What is needed: What lines below hold the string "infinity"? Copy them all.

Segment Start: Data extract

lemma vertex_energy_shift_by_laplacian:
  assumes "\<And>w. \<bar>g w\<bar> \<le> M" "0 < deg v"
  defines "t \<equiv> laplacian g v / deg v"
  shows "vertex_energy g v = vertex_energy (g(v := g v - t)) v + ennreal ((laplacian g v)\<^sup>2 / deg v)"
proof -
  define S where "S = laplacian g v"
  define D where "D = deg v"
  have "\<bar>g v - g w\<bar> \<le> 2 * M" for w using assms(1)[of v] assms(1)[of w] by linarith
  then have "\<bar>(g v - g w)\<^sup>2\<bar> \<le> (2 * M)\<^sup>2" for w
    using power_mono[OF _ abs_ge_zero, of "g v - g w" "2 * M" 2] by simp
  then obtain N where N: "((\<lambda>w. b v w * (g v - g w)\<^sup>2) has_sum N) UNIV"
    using summable_weight_mult_bounded[of "\<lambda>w. (g v - g w)\<^sup>2"] unfolding summable_on_def by blast
  have S: "((\<lambda>w. b v w * (g v - g w)) has_sum S) UNIV"
    unfolding S_def laplacian_def
    using summable_weight_mult_bounded[OF \<open>\<And>w. \<bar>g v - g w\<bar> \<le> 2 * M\<close>] by (rule has_sum_infsum)
  have D: "((\<lambda>w. b v w) has_sum D) UNIV"
    unfolding D_def deg_def using weight_summable by (rule has_sum_infsum)
  have expanded: "((\<lambda>w. b v w * (g v - g w)\<^sup>2 + (- 2 * t) * (b v w * (g v - g w)) + t\<^sup>2 * b v w)
          has_sum (N + (- 2 * t) * S + t\<^sup>2 * D)) UNIV"
    by (intro has_sum_add has_sum_cmult_right N S D)
  have total: "N + (- 2 * t) * S + t\<^sup>2 * D = N - S\<^sup>2 / D"
    using assms(2) by (simp add: t_def S_def D_def power2_eq_square field_simps)
  have shift: "(\<lambda>w. b v w * ((g(v := g v - t)) v - (g(v := g v - t)) w)\<^sup>2)
      = (\<lambda>w. b v w * (g v - g w)\<^sup>2 + (- 2 * t) * (b v w * (g v - g w)) + t\<^sup>2 * b v w)"
    by (auto simp: power2_eq_square algebra_simps)
  have shifted_sum: "((\<lambda>w. b v w * ((g(v := g v - t)) v - (g(v := g v - t)) w)\<^sup>2) has_sum (N - S\<^sup>2 / D)) UNIV"
    using expanded unfolding shift total .
  then have shifted: "vertex_energy (g(v := g v - t)) v = ennreal (N - S\<^sup>2 / D)"
    by (rule vertex_energy_eq_if_has_sum)
  have "0 \<le> N - S\<^sup>2 / D" "0 \<le> S\<^sup>2 / D"
    using has_sum_nonneg[OF shifted_sum] weight_nonneg \<open>0 < deg v\<close> unfolding D_def by simp_all
  then show ?thesis
    unfolding shifted vertex_energy_eq_if_has_sum[OF N] S_def[symmetric] D_def[symmetric]
    by (simp add: ennreal_plus[symmetric] del: ennreal_plus)
qed

lemma laplacian_sq_le_if_near_minimiser:
  assumes g: "near_minimiser \<epsilon> x y g" "0 \<le> \<epsilon>" "\<And>w. \<bar>g w\<bar> \<le> M"
    and "v \<noteq> x" "v \<noteq> y"
  shows "(laplacian g v)\<^sup>2 \<le> \<epsilon> * deg v"
proof (cases "deg v = 0")
  case True
  then have "b v w = 0" for w using weight_le_deg[of v w] weight_nonneg[of v w] by simp
  then show ?thesis using True by (simp add: laplacian_def)
next
  case False
  then have "0 < deg v" using deg_nonneg[of v] by simp
  define h where "h = g(v := g v - laplacian g v / deg v)"
  have "energy_off h v = energy_off g v"
    unfolding energy_off_def h_def by (intro arg_cong[where f="\<lambda>t. t / 2"] infsum_cong) auto
  then have "Q g = Q h + ennreal ((laplacian g v)\<^sup>2 / deg v)"
    using energy_split[of g v] energy_split[of h v]
      vertex_energy_shift_by_laplacian[OF g(3) \<open>0 < deg v\<close>] unfolding h_def by (simp add: add.assoc)
  moreover have "Q g \<le> Q h + ennreal \<epsilon>"
    using g(1) \<open>v \<noteq> x\<close> \<open>v \<noteq> y\<close> unfolding near_minimiser_def h_def by auto
  moreover have "Q h \<noteq> \<infinity>"
    using g(1) calculation(1) unfolding near_minimiser_def by auto
  ultimately have "(laplacian g v)\<^sup>2 / deg v \<le> \<epsilon>"
    using g(2) by (simp add: ennreal_add_left_cancel_le)
  then show ?thesis using \<open>0 < deg v\<close> by (simp add: pos_divide_le_eq mult.commute)
qed

lemma weighted_deficit_le_laplacian:
  assumes "\<And>w. 0 \<le> g w" "\<And>w. g w \<le> s"
  shows "b v w * (s - g w) \<le> laplacian g v + (s - g v) * deg v"
proof -
  have bounded: "\<bar>s - g w\<bar> \<le> s" "\<bar>g v - g w\<bar> \<le> s" for w
    using assms[of w] assms[of v] by auto
  have "((\<lambda>w. (s - g v) * b v w + b v w * (g v - g w)) has_sum ((s - g v) * deg v + laplacian g v)) UNIV"
    unfolding laplacian_def deg_def
    by (intro has_sum_add has_sum_cmult_right has_sum_infsum weight_summable
        summable_weight_mult_bounded[OF bounded(2)])
  then have "((\<lambda>w. b v w * (s - g w)) has_sum (laplacian g v + (s - g v) * deg v)) UNIV"
    by (simp add: algebra_simps)
  moreover have "b v w * (s - g w) \<le> (\<Sum>\<^sub>\<infinity>w'\<in>UNIV. b v w' * (s - g w'))"
    using finite_sum_le_infsum[of "\<lambda>w'. b v w' * (s - g w')" UNIV "{w}"] assms weight_nonneg
      summable_weight_mult_bounded[OF bounded(1)] by simp
  ultimately show ?thesis by (simp add: infsumI)
qed

text \<open>The recursion is one step of the maximum principle below: at \<open>v = q ! j\<close> and its successor \<open>w\<close>,
  \<open>b v w * (s - g w) \<le> laplacian g v + (s - g v) * deg v\<close> and \<open>laplacian g v \<le> \<surd>\<epsilon> * \<surd>(deg v)\<close>.\<close>
fun descent_bound :: "'a list \<Rightarrow> nat \<Rightarrow> real" where
  "descent_bound q 0 = 0"
| "descent_bound q (Suc j) = (sqrt (deg (q ! j)) + deg (q ! j) * descent_bound q j) / b (q ! j) (q ! Suc j)"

Segment End: Data extract

Solution below:
  moreover have "Q h \<noteq> \<infinity>"
  moreover have "b v w * (s - g w) \<le> (\<Sum>\<^sub>\<infinity>w'\<in>UNIV. b v w' * (s - g w'))"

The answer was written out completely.